Data enhancement can increase the samples of the training set, effectively relieve the overfitting condition of the neural network, and can bring stronger generalization capability to the model. However, as the size of the data set is enlarged, new problems are introduced, such as uncertainty in the generated data set, containing many noisy data, and possibly degrading the performance of the model. Therefore, data enhancement techniques need to introduce a data set screening and judgment mechanism to obtain more effective data sets.
Disclosure of Invention
The data set is expanded by using a data enhancement technology and usually comprises noisy data, so that a data set screening mechanism needs to be introduced, an effective data set is obtained quickly, and a neural network can be trained better by using the enhanced effective data, so that the accuracy of a pre-training model is improved.
In order to achieve the purpose, the coverage rate characteristic and a data enhancement mechanism are organically combined, effective data are screened out by using the coverage rate index after the data enhancement is carried out on the training data set, and the accuracy rate of the pre-training model is improved.
The coverage rate of the neural network is mainly used for evaluating the performance of the neural network, and on the premise of certain accuracy rate, the higher the coverage rate of the model is, the more fully the neural network is verified. From the aspect of the data set, the coverage rate can see whether the nodes of the neural network are activated or not, and if the nodes are activated, the test is more sufficient; from the level of a single sample, the more neurons that are activated, the more features the sample contains, and the more complex the sample is, which is usually at the network classification boundary, and these data sets are very important for training neural networks. Therefore, the coverage rate characteristics and the data enhancement mechanism can be effectively combined to form the coverage rate-based neural network effective data enhancement method.
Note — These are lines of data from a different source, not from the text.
lemma Ck_on_compose_linear:
  assumes "open U" "open V" "bounded_linear L" "L ` V \<subseteq> U" "Ck_on k U f"
  shows "Ck_on k V (\<lambda>x. f (L x))"
  using assms(5)
proof (induction k arbitrary: f)
  case 0
  then show ?case
    using continuous_on_compose2[OF _ linear_continuous_on[OF assms(3)] assms(4)] by simp
next
  case (Suc k)
  have comp_deriv:
    "((\<lambda>x. f (L x)) has_derivative (\<lambda>v. frechet_derivative f (at (L x)) (L v))) (at x)"
    if "x \<in> V" for x
  proof -
    have "f differentiable at (L x)"
      using Suc.prems assms(1,4) that by (auto simp: differentiable_on_eq_differentiable_at)
    then have "(f has_derivative frechet_derivative f (at (L x))) (at (L x))"
      by (rule frechet_derivative_works[THEN iffD1])
    from diff_chain_at[OF bounded_linear_imp_has_derivative[OF assms(3)] this]
    show ?thesis by (simp add: o_def)
  qed
  then have "(\<lambda>x. f (L x)) differentiable_on V"
    using assms(2) differentiable_def differentiable_on_eq_differentiable_at by blast
  moreover have "Ck_on k V (\<lambda>x. frechet_derivative (\<lambda>x. f (L x)) (at x) v)" for v
  proof (rule Ck_on_cong[OF assms(2)])
    show "Ck_on k V (\<lambda>x. frechet_derivative f (at (L x)) (L v))"
      using Suc.IH[of "\<lambda>y. frechet_derivative f (at y) (L v)"] Suc.prems by simp
    show "frechet_derivative f (at (L x)) (L v) = frechet_derivative (\<lambda>x. f (L x)) (at x) v"
      if "x \<in> V" for x
      using fun_cong[OF frechet_derivative_at[OF comp_deriv[OF that]], of v] by simp
  qed
  ultimately show ?case by simp
qed

lemma Ck_on_linear_compose:
  assumes "open U" "bounded_linear P" "Ck_on k U f"
  shows "Ck_on k U (\<lambda>x. P (f x))"
  using assms(3)
proof (induction k arbitrary: f)
  case 0
  then show ?case
    using continuous_on_compose2[of UNIV P U f, OF linear_continuous_on[OF assms(2)]] by simp
next
  case (Suc k)
  have comp_deriv:
    "((\<lambda>x. P (f x)) has_derivative (\<lambda>v. P (frechet_derivative f (at x) v))) (at x)"
    if "x \<in> U" for x
  proof -
    have "f differentiable at x"
      using Suc.prems assms(1) that by (auto simp: differentiable_on_eq_differentiable_at)
    then have "(f has_derivative frechet_derivative f (at x)) (at x)"
      by (rule frechet_derivative_works[THEN iffD1])
    from diff_chain_at[OF this bounded_linear_imp_has_derivative[OF assms(2)]]
    show ?thesis by (simp add: o_def)
  qed
  then have "(\<lambda>x. P (f x)) differentiable_on U"
    using assms(1) differentiable_def differentiable_on_eq_differentiable_at by blast
  moreover have "Ck_on k U (\<lambda>x. frechet_derivative (\<lambda>x. P (f x)) (at x) v)" for v
  proof (rule Ck_on_cong[OF assms(1)])
    show "Ck_on k U (\<lambda>x. P (frechet_derivative f (at x) v))"
      using Suc.IH[of "\<lambda>y. frechet_derivative f (at y) v"] Suc.prems by simp
    show "P (frechet_derivative f (at x) v) = frechet_derivative (\<lambda>x. P (f x)) (at x) v"
      if "x \<in> U" for x
      using fun_cong[OF frechet_derivative_at[OF comp_deriv[OF that]], of v] by simp
  qed
  ultimately show ?case by simp
qed

lemma smooth_on_compose_linear:
  assumes "open U" "open V" "bounded_linear L" "L ` V \<subseteq> U" "smooth_on U f"
  shows "smooth_on V (\<lambda>x. f (L x))"
  using assms Ck_on_compose_linear unfolding smooth_on_def by blast

lemma smooth_on_linear_compose:
  assumes "open U" "bounded_linear P" "smooth_on U f"
  shows "smooth_on U (\<lambda>x. P (f x))"
  using assms Ck_on_linear_compose unfolding smooth_on_def by blast

lemma smooth_on_has_derivative:
  assumes "open U" "smooth_on U f" "x \<in> U"
  shows "(f has_derivative frechet_derivative f (at x)) (at x)"
proof -
  have "Ck_on (Suc 0) U f" using assms(2) unfolding smooth_on_def by blast
  then show ?thesis
    using assms(1,3) frechet_derivative_works by (auto simp: differentiable_on_eq_differentiable_at)
qed

lemma vector_4 [simp]:
  "(vector [a, b, c, d] :: 'a::zero^4) $ 1 = a"
  "(vector [a, b, c, d] :: 'a::zero^4) $ 2 = b"
  "(vector [a, b, c, d] :: 'a::zero^4) $ 3 = c"
  "(vector [a, b, c, d] :: 'a::zero^4) $ 4 = d"
  unfolding vector_def by simp_all

lemma pd_component:
  assumes "(A has_derivative D) (at x)"
  shows "pd k (\<lambda>y. A y $ i) x = D (axis k 1) $ i"
proof -
  have "((\<lambda>y. A y $ i) has_derivative (\<lambda>v. D v $ i)) (at x)"
    using bounded_linear.has_derivative[OF bounded_linear_vec_nth assms] .
  then show ?thesis unfolding pd_def by (simp add: frechet_derivative_at[symmetric])
qed
lemma flow_site_continuous:
  assumes "z \<in> Omega L" and "k \<in> L"
  shows "continuous_on UNIV (\<lambda>\<tau>. snd (\<Phi> \<tau> z) k)"
proof -
  have "continuous_on UNIV (\<lambda>\<tau>. site (\<Phi> \<tau> z) k)"
    using flow_site_has_vector_derivative[OF assms]
    by (meson continuous_at_imp_continuous_on has_vector_derivative_continuous)
  then have "continuous_on UNIV (\<lambda>\<tau>. snd (site (\<Phi> \<tau> z) k))"
    by (intro continuous_intros)
  then show ?thesis
    by (simp add: site_def)
qed

lemma coupling_weighted_sum_le:
  assumes k: "k \<in> L" and a: "\<And>l. l \<in> L \<Longrightarrow> 0 \<le> a l"
  shows "(\<bar>\<nu> k\<bar> + \<bar>1 / m k\<bar> + (\<Sum>l\<in>L. real CARD('d)^2 * (Cf k l * CV^2))) * a k
      + (\<Sum>l\<in>L. real CARD('d)^2 * (Cf k l * CV^2) * a l) \<le> \<kappa> * (\<Sum>l\<in>L. w k l * a l)"
proof -
  have "(\<bar>\<nu> k\<bar> + \<bar>1 / m k\<bar> + (\<Sum>l\<in>L. real CARD('d)^2 * (Cf k l * CV^2))) * a k
      + (\<Sum>l\<in>L. real CARD('d)^2 * (Cf k l * CV^2) * a l)
      \<le> \<kappa> / 2 * w k k * a k + (\<Sum>l\<in>L. \<kappa> / 2 * w k l * a l)"
    using coupling_diag[OF k] coupling[OF k] a k by (intro add_mono mult_right_mono sum_mono) auto
  also have "\<kappa> / 2 * w k k * a k \<le> (\<Sum>l\<in>L. \<kappa> / 2 * w k l * a l)"
    using finite_L k w_nonneg[OF k] \<kappa>_nonneg a by (intro member_le_sum) auto
  finally show ?thesis
    by (simp add: sum_distrib_left algebra_simps)
qed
The coverage rate-based neural network effective data enhancement method of the invention has a flow as shown in fig. 1, and comprises the following steps:
step 1: selecting a training data set according to a neural network model to be trained; training parameters of the neural network model (referred to as neural network 1) using a training data set; wherein, the neural network 1 is a pre-trained neural network model;
and 2, step: expanding the training data set to obtain an expanded data set;
and 3, step 3: screening a plurality of coverage rate indexes, selecting the coverage rate index most relevant to the accuracy of the neural network model as a judgment basis, comparing the coverage rate of a training data set with the coverage rate of an expansion data set, and screening the coverage rate indexes to obtain an effective data set, namely taking the data set with high coverage rate as the effective data set; preferably, the coverage rate index of the text data comprises coverage rate of a hidden unit, coverage rate of a positive sequence and coverage rate of a negative sequence;
and 4, step 4: the pre-trained model is retrained using the active data set, resulting in the neural network 2.
Further, the step 2 of expanding the data set specifically includes:
for image data, the data expansion mode comprises a geometric transformation class, a color transformation class, a generation class and the like, wherein the geometric transformation class comprises turning, rotating, clipping, deforming, scaling and the like, the color transformation class comprises noise adding, blurring, color transformation, erasing, filling and the like, and the generation class comprises GAN and the like; for text data, the data expansion mode includes text mutation, synonym substitution and the like.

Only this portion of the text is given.